# Atlas under table switch machine mounting problem



## Zug (May 4, 2012)

I've got to the point I want to start mounting my Atlas under table switch machines on the new layout, both the metal pin type with the switch contacts and the type the have just the plastic pin and no switching connection for other stuff. All have been used on previous layouts and the pins were cut for 3/8" plywood plus road bed. 

the problem is when I bought the plywood for this layout I got 1/4" instead, and yes now I'm thinking I went too thin, but I got too much done to want to start over...

I don't want to cut the pins on the switch machines any shorter, so at this point I'm think popsicle sticks as spacers, 2 or 3 thick seem to be about right and gluing some together right now. Then will cut them shorter so one block under each end of the switch machine.. and since the screws won't work right now. I'm thinking silicon glue the wood to the switch machine, then once that dries, hot glue the wood blocks to the plywood. So that would leave then removable by separating the machine from the silicon when the need arises..

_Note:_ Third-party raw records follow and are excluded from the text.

(* The function $g:2^V\to\mathbb{R}$, $g(A)=h(A)+\frac1L f(A)$, is non-decreasing and submodular.
   Context: $G=(V,E,w)$ is a finite simple undirected graph with positive rational edge weights and no isolated vertices. $N_A(v)=N(v)\cap A$, $W_A(v)=\sum_{u\in N_A(v)}w_{(v,u)}$, $W(v)=W_V(v)$. $h(A)=\sum_{v\in V}h_A(v)$ with $h_A(v)=W(v)/2$ if $v\in A$ or $W_A(v)\ge W(v)/2$, and $h_A(v)=W_A(v)$ otherwise. $f(A)=\sum_{v\in V}\delta_A(v)$ with $\delta_A(v)=1$ if $|N_A(v)|>0$ and $0$ otherwise. For $v$ with incident edge weights $w_1,\dots,w_d$, write $w_0=W(v)/2$ and each $w_i$ as a reduced fraction $p_i/q_i$; $l(v)=\mathrm{lcm}\{q_0,\dots,q_d\}$, $L=\max_v l(v)$. *)

theory Defs
  imports Complex_Main
begin

definition wgraph :: "'a set \<Rightarrow> ('a \<Rightarrow> 'a \<Rightarrow> bool) \<Rightarrow> ('a \<Rightarrow> 'a \<Rightarrow> rat) \<Rightarrow> bool" where
  "wgraph V E w \<longleftrightarrow> finite V
     \<and> (\<forall>u v. E u v \<longrightarrow> u \<in> V \<and> v \<in> V)
     \<and> (\<forall>v. \<not> E v v)
     \<and> (\<forall>u v. E u v \<longrightarrow> E v u)
     \<and> (\<forall>u v. E u v \<longrightarrow> w u v = w v u)
     \<and> (\<forall>u v. E u v \<longrightarrow> w u v > 0)"

definition no_isolated :: "'a set \<Rightarrow> ('a \<Rightarrow> 'a \<Rightarrow> bool) \<Rightarrow> bool" where
  "no_isolated V E \<longleftrightarrow> (\<forall>v\<in>V. \<exists>u. E v u)"

definition nbA :: "('a \<Rightarrow> 'a \<Rightarrow> bool) \<Rightarrow> 'a set \<Rightarrow> 'a \<Rightarrow> 'a set" where
  "nbA E A v = {u \<in> A. E v u}"

definition WA :: "('a \<Rightarrow> 'a \<Rightarrow> bool) \<Rightarrow> ('a \<Rightarrow> 'a \<Rightarrow> rat) \<Rightarrow> 'a set \<Rightarrow> 'a \<Rightarrow> rat" where
  "WA E w A v = (\<Sum>u\<in>nbA E A v. w v u)"

definition hA :: "'a set \<Rightarrow> ('a \<Rightarrow> 'a \<Rightarrow> bool) \<Rightarrow> ('a \<Rightarrow> 'a \<Rightarrow> rat) \<Rightarrow> 'a set \<Rightarrow> 'a \<Rightarrow> rat" where
  "hA V E w A v = (if v \<in> A \<or> WA E w A v \<ge> WA E w V v / 2 then WA E w V v / 2 else WA E w A v)"

definition hfun :: "'a set \<Rightarrow> ('a \<Rightarrow> 'a \<Rightarrow> bool) \<Rightarrow> ('a \<Rightarrow> 'a \<Rightarrow> rat) \<Rightarrow> 'a set \<Rightarrow> rat" where
  "hfun V E w A = (\<Sum>v\<in>V. hA V E w A v)"

definition ffun :: "'a set \<Rightarrow> ('a \<Rightarrow> 'a \<Rightarrow> bool) \<Rightarrow> 'a set \<Rightarrow> nat" where
  "ffun V E A = (\<Sum>v\<in>V. if card (nbA E A v) > 0 then 1 else 0)"

definition denom :: "rat \<Rightarrow> int" where
  "denom r = snd (quotient_of r)"

definition lv :: "'a set \<Rightarrow> ('a \<Rightarrow> 'a \<Rightarrow> bool) \<Rightarrow> ('a \<Rightarrow> 'a \<Rightarrow> rat) \<Rightarrow> 'a \<Rightarrow> int" where
  "lv V E w v = Lcm (denom ` ({WA E w V v / 2} \<union> {w v u | u. E v u}))"

definition Lmax :: "'a set \<Rightarrow> ('a \<Rightarrow> 'a \<Rightarrow> bool) \<Rightarrow> ('a \<Rightarrow> 'a \<Rightarrow> rat) \<Rightarrow> int" where
  "Lmax V E w = Max (lv V E w ` V)"

definition gfun :: "'a set \<Rightarrow> ('a \<Rightarrow> 'a \<Rightarrow> bool) \<Rightarrow> ('a \<Rightarrow> 'a \<Rightarrow> rat) \<Rightarrow> 'a set \<Rightarrow> real" where
  "gfun V E w A = real_of_rat (hfun V E w A) + real (ffun V E A) / real_of_int (Lmax V E w)"

end

theory Submission
  imports Defs
begin

text \<open>Both summands of g are sums over the vertices of per-vertex set functions. For each v,
  \<open>h_A(v) = min (W_A(v) + [v \<in> A] W(v)/2, W(v)/2)\<close> truncates a monotone modular function at a
  constant, and \<open>\<delta>_A(v)\<close> indicates whether A meets the neighbourhood of v; both are monotone
  and submodular. These properties survive sums, the embedding of the rationals into the reals
  and division by the non-negative constant L. Neither the absence of isolated vertices nor the
  particular value of L is needed.\<close>

definition monotone_set_fun :: "'a set \<Rightarrow> ('a set \<Rightarrow> 'b::order) \<Rightarrow> bool" where
  "monotone_set_fun V g \<longleftrightarrow> (\<forall>A B. A \<subseteq> B \<and> B \<subseteq> V \<longrightarrow> g A \<le> g B)"

definition submodular_set_fun :: "'a set \<Rightarrow> ('a set \<Rightarrow> 'b::{plus,order}) \<Rightarrow> bool" where
  "submodular_set_fun V g \<longleftrightarrow>
     (\<forall>A B. A \<subseteq> V \<and> B \<subseteq> V \<longrightarrow> g (A \<union> B) + g (A \<inter> B) \<le> g A + g B)"

lemma monotone_set_fun_sum:
  fixes g :: "'i \<Rightarrow> 'a set \<Rightarrow> 'b::ordered_comm_monoid_add"
  assumes "\<And>i. i \<in> I \<Longrightarrow> monotone_set_fun V (g i)"
  shows "monotone_set_fun V (\<lambda>A. \<Sum>i\<in>I. g i A)"
  using assms unfolding monotone_set_fun_def by (simp add: sum_mono)

lemma submodular_set_fun_sum:
  fixes g :: "'i \<Rightarrow> 'a set \<Rightarrow> 'b::ordered_comm_monoid_add"
  assumes "\<And>i. i \<in> I \<Longrightarrow> submodular_set_fun V (g i)"
  shows "submodular_set_fun V (\<lambda>A. \<Sum>i\<in>I. g i A)"
  using assms unfolding submodular_set_fun_def sum.distrib[symmetric] by (simp add: sum_mono)

lemma monotone_set_fun_add:
  fixes f g :: "'a set \<Rightarrow> 'b::ordered_ab_semigroup_add"
  assumes "monotone_set_fun V f" "monotone_set_fun V g"
  shows "monotone_set_fun V (\<lambda>A. f A + g A)"
  using assms unfolding monotone_set_fun_def by (simp add: add_mono)

lemma submodular_set_fun_add:
  fixes f g :: "'a set \<Rightarrow> 'b::ordered_ab_semigroup_add"
  assumes "submodular_set_fun V f" "submodular_set_fun V g"
  shows "submodular_set_fun V (\<lambda>A. f A + g A)"
  unfolding submodular_set_fun_def
proof (intro allI impI)
  fix A B assume "A \<subseteq> V \<and> B \<subseteq> V"
  then have "f (A \<union> B) + f (A \<inter> B) + (g (A \<union> B) + g (A \<inter> B)) \<le> f A + f B + (g A + g B)"
    using assms unfolding submodular_set_fun_def by (simp add: add_mono)
  then show "f (A \<union> B) + g (A \<union> B) + (f (A \<inter> B) + g (A \<inter> B)) \<le> f A + g A + (f B + g B)"
    by (simp add: ac_simps)
qed

lemma monotone_set_fun_comp:
  assumes "mono \<phi>" "monotone_set_fun V g"
  shows "monotone_set_fun V (\<lambda>A. \<phi> (g A))"
  using assms unfolding monotone_set_fun_def by (simp add: monoD)

lemma submodular_set_fun_comp:
  assumes "mono \<phi>" "\<And>x y. \<phi> (x + y) = \<phi> x + \<phi> y" "submodular_set_fun V g"
  shows "submodular_set_fun V (\<lambda>A. \<phi> (g A))"
  using assms unfolding submodular_set_fun_def by (simp add: monoD flip: assms(2))

lemma min_const_submodular_ineq:
  fixes a b c p q :: "'b::linordered_ab_group_add"
  assumes "p + q = a + b" "q \<le> a" "q \<le> b" "a \<le> p" "b \<le> p"
  shows "min p c + min q c \<le> min a c + min b c"
proof (cases "c \<le> q")
  case True
  with assms(2-5) have "min p c = c" "min q c = c" "min a c = c" "min b c = c"
    by (simp_all add: min_absorb2 order_trans[OF True])
  then show ?thesis by simp
next
  case False
  then have "min q c = q" by simp
  have "min p c + q \<le> min a c + min b c"
  proof (cases "a \<le> c"; cases "b \<le> c")
    assume "a \<le> c" "b \<le> c"
    then show ?thesis using assms(1) add_right_mono[OF min.cobounded1[of p c], of q] by simp
  next
    assume "a \<le> c" "\<not> b \<le> c"
    then show ?thesis using add_mono[OF assms(2) min.cobounded2[of p c]] by (simp add: add.commute)
  next
    assume "\<not> a \<le> c" "b \<le> c"
    then show ?thesis using add_mono[OF min.cobounded2[of p c] assms(3)] by simp
  next
    assume "\<not> a \<le> c" "\<not> b \<le> c"
    then show ?thesis using add_mono[OF min.cobounded2[of p c], of q c] False by simp
  qed
  with \<open>min q c = q\<close> show ?thesis by simp
qed

lemma submodular_set_fun_min_const:
  fixes m :: "'a set \<Rightarrow> 'b::linordered_ab_group_add"
  assumes "monotone_set_fun V m"
    and modular: "\<And>A B. m (A \<union> B) + m (A \<inter> B) = m A + m B"
  shows "submodular_set_fun V (\<lambda>A. min (m A) c)"
  unfolding submodular_set_fun_def
proof (intro allI impI)
  fix A B assume "A \<subseteq> V \<and> B \<subseteq> V"
  then have "m (A \<inter> B) \<le> m A" "m (A \<inter> B) \<le> m B" "m A \<le> m (A \<union> B)" "m B \<le> m (A \<union> B)"
    using assms(1) unfolding monotone_set_fun_def by auto
  with modular[of A B] show "min (m (A \<union> B)) c + min (m (A \<inter> B)) c \<le> min (m A) c + min (m B) c"
    by (intro min_const_submodular_ineq)
qed

lemma monotone_set_fun_min_const:
  fixes m :: "'a set \<Rightarrow> 'b::linorder"
  assumes "monotone_set_fun V m"
  shows "monotone_set_fun V (\<lambda>A. min (m A) c)"
  using assms unfolding monotone_set_fun_def by (simp add: min.coboundedI1)

lemma monotone_set_fun_meets:
  "monotone_set_fun V (\<lambda>A. of_bool (A \<inter> N \<noteq> {}) :: 'b::linordered_semidom)"
  unfolding monotone_set_fun_def by auto

lemma submodular_set_fun_meets:
  "submodular_set_fun V (\<lambda>A. of_bool (A \<inter> N \<noteq> {}) :: 'b::linordered_semidom)"
  unfolding submodular_set_fun_def by auto

lemma nbA_eq_Int: "nbA E A v = A \<inter> {u. E v u}"
  by (auto simp: nbA_def)

lemma finite_nbA: "wgraph V E w \<Longrightarrow> finite (nbA E A v)"
  by (rule finite_subset[of _ V]) (auto simp: wgraph_def nbA_def)

lemma WA_nonneg: "wgraph V E w \<Longrightarrow> 0 \<le> WA E w A v"
  unfolding WA_def by (rule sum_nonneg) (auto simp: nbA_def wgraph_def less_imp_le)

lemma WA_mono:
  assumes "wgraph V E w" "A \<subseteq> B"
  shows "WA E w A v \<le> WA E w B v"
  unfolding WA_def
proof (rule sum_mono2)
  show "finite (nbA E B v)" using finite_nbA[OF assms(1)] .
  show "nbA E A v \<subseteq> nbA E B v" using assms(2) by (auto simp: nbA_def)
  show "\<And>u. u \<in> nbA E B v - nbA E A v \<Longrightarrow> 0 \<le> w v u"
    using assms(1) by (auto simp: nbA_def wgraph_def less_imp_le)
qed

lemma WA_union_inter:
  assumes "wgraph V E w"
  shows "WA E w (A \<union> B) v + WA E w (A \<inter> B) v = WA E w A v + WA E w B v"
proof -
  have "nbA E (A \<union> B) v = nbA E A v \<union> nbA E B v" "nbA E (A \<inter> B) v = nbA E A v \<inter> nbA E B v"
    by (auto simp: nbA_def)
  then show ?thesis
    unfolding WA_def by (simp add: sum.union_inter finite_nbA[OF assms])
qed

lemma hA_eq_min:
  assumes "wgraph V E w"
  shows "hA V E w A v = min (WA E w A v + (if v \<in> A then WA E w V v / 2 else 0)) (WA E w V v / 2)"
  using WA_nonneg[OF assms, of A v] WA_nonneg[OF assms, of V v]
  by (auto simp: hA_def min_def)

lemma monotone_submodular_hA:
  assumes "wgraph V E w"
  shows "monotone_set_fun V (\<lambda>A. hA V E w A v) \<and> submodular_set_fun V (\<lambda>A. hA V E w A v)"
proof -
  define m where "m A = WA E w A v + (if v \<in> A then WA E w V v / 2 else 0)" for A
  have mono_m: "monotone_set_fun V m"
    unfolding monotone_set_fun_def
  proof (intro allI impI)
    fix A B assume "A \<subseteq> B \<and> B \<subseteq> V"
    moreover have "0 \<le> WA E w V v" by (rule WA_nonneg[OF assms])
    ultimately have "WA E w A v \<le> WA E w B v"
      and "(if v \<in> A then WA E w V v / 2 else 0) \<le> (if v \<in> B then WA E w V v / 2 else 0)"
      using WA_mono[OF assms] by auto
    then show "m A \<le> m B" unfolding m_def by (rule add_mono)
  qed
  have "m (A \<union> B) + m (A \<inter> B) = m A + m B" for A B
    using WA_union_inter[OF assms, of A B v] unfolding m_def by auto
  with mono_m have "submodular_set_fun V (\<lambda>A. min (m A) (WA E w V v / 2))"
    by (rule submodular_set_fun_min_const)
  moreover have "monotone_set_fun V (\<lambda>A. min (m A) (WA E w V v / 2))"
    using mono_m by (rule monotone_set_fun_min_const)
  ultimately show ?thesis
    unfolding hA_eq_min[OF assms] m_def by simp
qed

lemma delta_eq_meets:
  assumes "wgraph V E w"
  shows "(if card (nbA E A v) > 0 then 1 else 0) = of_bool (A \<inter> {u. E v u} \<noteq> {})"
  using finite_nbA[OF assms, of A v] by (simp add: card_gt_0_iff nbA_eq_Int)

lemma monotone_submodular_hfun:
  assumes "wgraph V E w"
  shows "monotone_set_fun V (hfun V E w) \<and> submodular_set_fun V (hfun V E w)"
  unfolding hfun_def[abs_def]
proof
  show "monotone_set_fun V (\<lambda>A. \<Sum>v\<in>V. hA V E w A v)"
    by (rule monotone_set_fun_sum) (use monotone_submodular_hA[OF assms] in blast)
  show "submodular_set_fun V (\<lambda>A. \<Sum>v\<in>V. hA V E w A v)"
    by (rule submodular_set_fun_sum) (use monotone_submodular_hA[OF assms] in blast)
qed

lemma monotone_submodular_ffun:
  assumes "wgraph V E w"
  shows "monotone_set_fun V (ffun V E) \<and> submodular_set_fun V (ffun V E)"
  unfolding ffun_def[abs_def] delta_eq_meets[OF assms]
proof
  show "monotone_set_fun V (\<lambda>A. \<Sum>v\<in>V. of_bool (A \<inter> {u. E v u} \<noteq> {}) :: nat)"
    by (rule monotone_set_fun_sum, rule monotone_set_fun_meets)
  show "submodular_set_fun V (\<lambda>A. \<Sum>v\<in>V. of_bool (A \<inter> {u. E v u} \<noteq> {}) :: nat)"
    by (rule submodular_set_fun_sum, rule submodular_set_fun_meets)
qed

lemma Lmax_nonneg:
  assumes "wgraph V E w" "V \<noteq> {}"
  shows "0 \<le> Lmax V E w"
proof -
  obtain v where "v \<in> V" using assms(2) by blast
  moreover have "finite V" using assms(1) by (simp add: wgraph_def)
  ultimately have "lv V E w v \<le> Lmax V E w"
    unfolding Lmax_def by (intro Max_ge) auto
  moreover have "0 \<le> lv V E w v"
    unfolding lv_def by (rule Lcm_int_greater_eq_0)
  ultimately show ?thesis by simp
qed

theorem mainTheorem15:
  fixes V :: "'a set" and E :: "'a \<Rightarrow> 'a \<Rightarrow> bool" and w :: "'a \<Rightarrow> 'a \<Rightarrow> rat"
  assumes "wgraph V E w" and "no_isolated V E"
  shows "(\<forall>A B. A \<subseteq> B \<and> B \<subseteq> V \<longrightarrow> gfun V E w A \<le> gfun V E w B)
       \<and> (\<forall>A B. A \<subseteq> V \<and> B \<subseteq> V \<longrightarrow>
            gfun V E w (A \<union> B) + gfun V E w (A \<inter> B) \<le> gfun V E w A + gfun V E w B)"
proof (cases "V = {}")
  case True
  \<comment> \<open>here \<open>Lmax\<close> is \<open>Max {}\<close>, of unknown sign, but g vanishes identically\<close>
  then show ?thesis by (simp add: gfun_def hfun_def ffun_def)
next
  case False
  define scale :: "nat \<Rightarrow> real" where "scale n = real n / real_of_int (Lmax V E w)" for n
  have scale: "mono scale" "\<And>m n. scale (m + n) = scale m + scale n"
    using Lmax_nonneg[OF assms(1) False]
    by (auto simp: scale_def mono_def divide_right_mono add_divide_distrib)
  have rat: "mono real_of_rat" "\<And>x y. real_of_rat (x + y) = real_of_rat x + real_of_rat y"
    by (auto simp: mono_def of_rat_add of_rat_less_eq)
  have g: "gfun V E w = (\<lambda>A. real_of_rat (hfun V E w A) + scale (ffun V E A))"
    by (simp add: gfun_def[abs_def] scale_def)
  obtain h_mono: "monotone_set_fun V (hfun V E w)" and h_sub: "submodular_set_fun V (hfun V E w)"
    using monotone_submodular_hfun[OF assms(1)] by blast
  obtain f_mono: "monotone_set_fun V (ffun V E)" and f_sub: "submodular_set_fun V (ffun V E)"
    using monotone_submodular_ffun[OF assms(1)] by blast
  have "monotone_set_fun V (gfun V E w)"
    unfolding g by (rule monotone_set_fun_add[OF monotone_set_fun_comp[of real_of_rat, OF rat(1) h_mono]
          monotone_set_fun_comp[of scale, OF scale(1) f_mono]])
  moreover have "submodular_set_fun V (gfun V E w)"
    unfolding g by (rule submodular_set_fun_add[OF submodular_set_fun_comp[of real_of_rat, OF rat h_sub]
          submodular_set_fun_comp[of scale, OF scale f_sub]])
  ultimately show ?thesis
    unfolding monotone_set_fun_def submodular_set_fun_def by (rule conjI)
qed

end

And being a make shift fix, I was wondering of anybody had any better ideas to mount these switch machine with out cutting the throw pin any shorter?


----------



## traction fan (Oct 5, 2014)

*Popsicle sticks*



Zug said:


> I've got to the point I want to start mounting my Atlas under table switch machines on the new layout, both the metal pin type with the switch contacts and the type the have just the plastic pin and no switching connection for other stuff. All have been used on previous layouts and the pins were cut for 3/8" plywood plus road bed.
> 
> the problem is when I bought the plywood for this layout I got 1/4" instead, and yes now I'm thinking I went too thin, but I got too much done to want to start over...
> 
> ...


Zug;

Your idea of shimming down 1/8" to get back to your old 3/8" thickness is good. I advise you to use pieces of 1/8" thick MDF or Masonite, instead of Popsicle sticks. The sticks split very easily. Even if you don't drill through them and use screws, they're semi-brittle, and will get more so over time. The MDF or Masonite are a lot more stable. No sense in mounting the machines and then having to do it over again later.
The 1/4" thick plywood will be somewhat more inclined to warp than thicker stock. It can work well though. Plenty of L-girder shaped bracing, and a coat of exterior house paint to seal the wood will help prevent warping. The L-girders don't need to be the massive 1x4 and 1x3
versions that were used back when. I've used 1/4" Luan plywood braced with 1"x 1/4" lath boards. Works fine. The L shape is impossible to bend in any size. Enough force can break it, but not bend it. That's why it's so good at keeping even thin plywood straight.

regards;

Traction Fan:smilie_daumenpos:


----------



## Zug (May 4, 2012)

I was thinking about using left over 1/4" plywood from the board I bought if that worked.. the popclycle sticks are just convent.. 

the layout itsself is two 2' by 4' sections each with 1" by 3" boards on the front and back and ends screwed and glued, standing on six 2" by 4" legs. so it's already pretty strong. but I'll see where I can add extra braces after the switch machines are in place. I also discovered there's a hazard to using thin wood.. Atlas track nails poke out the bottom..


----------



## CTValleyRR (Jul 26, 2014)

I agree that your approach is the correct one. It really doesn't matter what you use for a shim -- plywood, basswood, styrene, popsicle sticks, etc, -- as long as you can mount it.

Personally, I use double-sided foam tape to mount servos under the layout.


----------



## tr1 (Mar 9, 2013)

*Are Under the table switch motors for turnouts really that unreliable?*

would a little graphite in the correct spaces for easy movement help?
Would a "capacitor discharge unit" help give the "switch motor" a good jolt of volts to work? 
Would a aluminum tube placed over the plastic shaft possibly work?
(I'm sure some minor alterations or combination of alterations of that will eventually work!?
Good luck with your current dilemma there
I'll try to stay in the loop.
Regards,tr1


----------



## traction fan (Oct 5, 2014)

*Under the Table*



tr1 said:


> would a little graphite in the correct spaces for easy movement help?
> Would a "capacitor discharge unit" help give the "switch motor" a good jolt of volts to work?
> Would a aluminum tube placed over the plastic shaft possibly work?
> (I'm sure some minor alterations or combination of alterations of that will eventually work!?
> ...


tr1;

Done correctly the motor should work just as well under the table as on top. The Atlas twin coil switch machine is very weak, compared to other switch machines, either twin coil like Peco, or DC stall motor like tortoise. Yes a capacitive discharge unit will help snap the points over a bit better. Perhaps more importantly, the CD unit will prevent meltdown of the Atlas twin coil machine if a button is held a second too long, or shorts. 

regards;

Traction Fan:smilie_daumenpos:


----------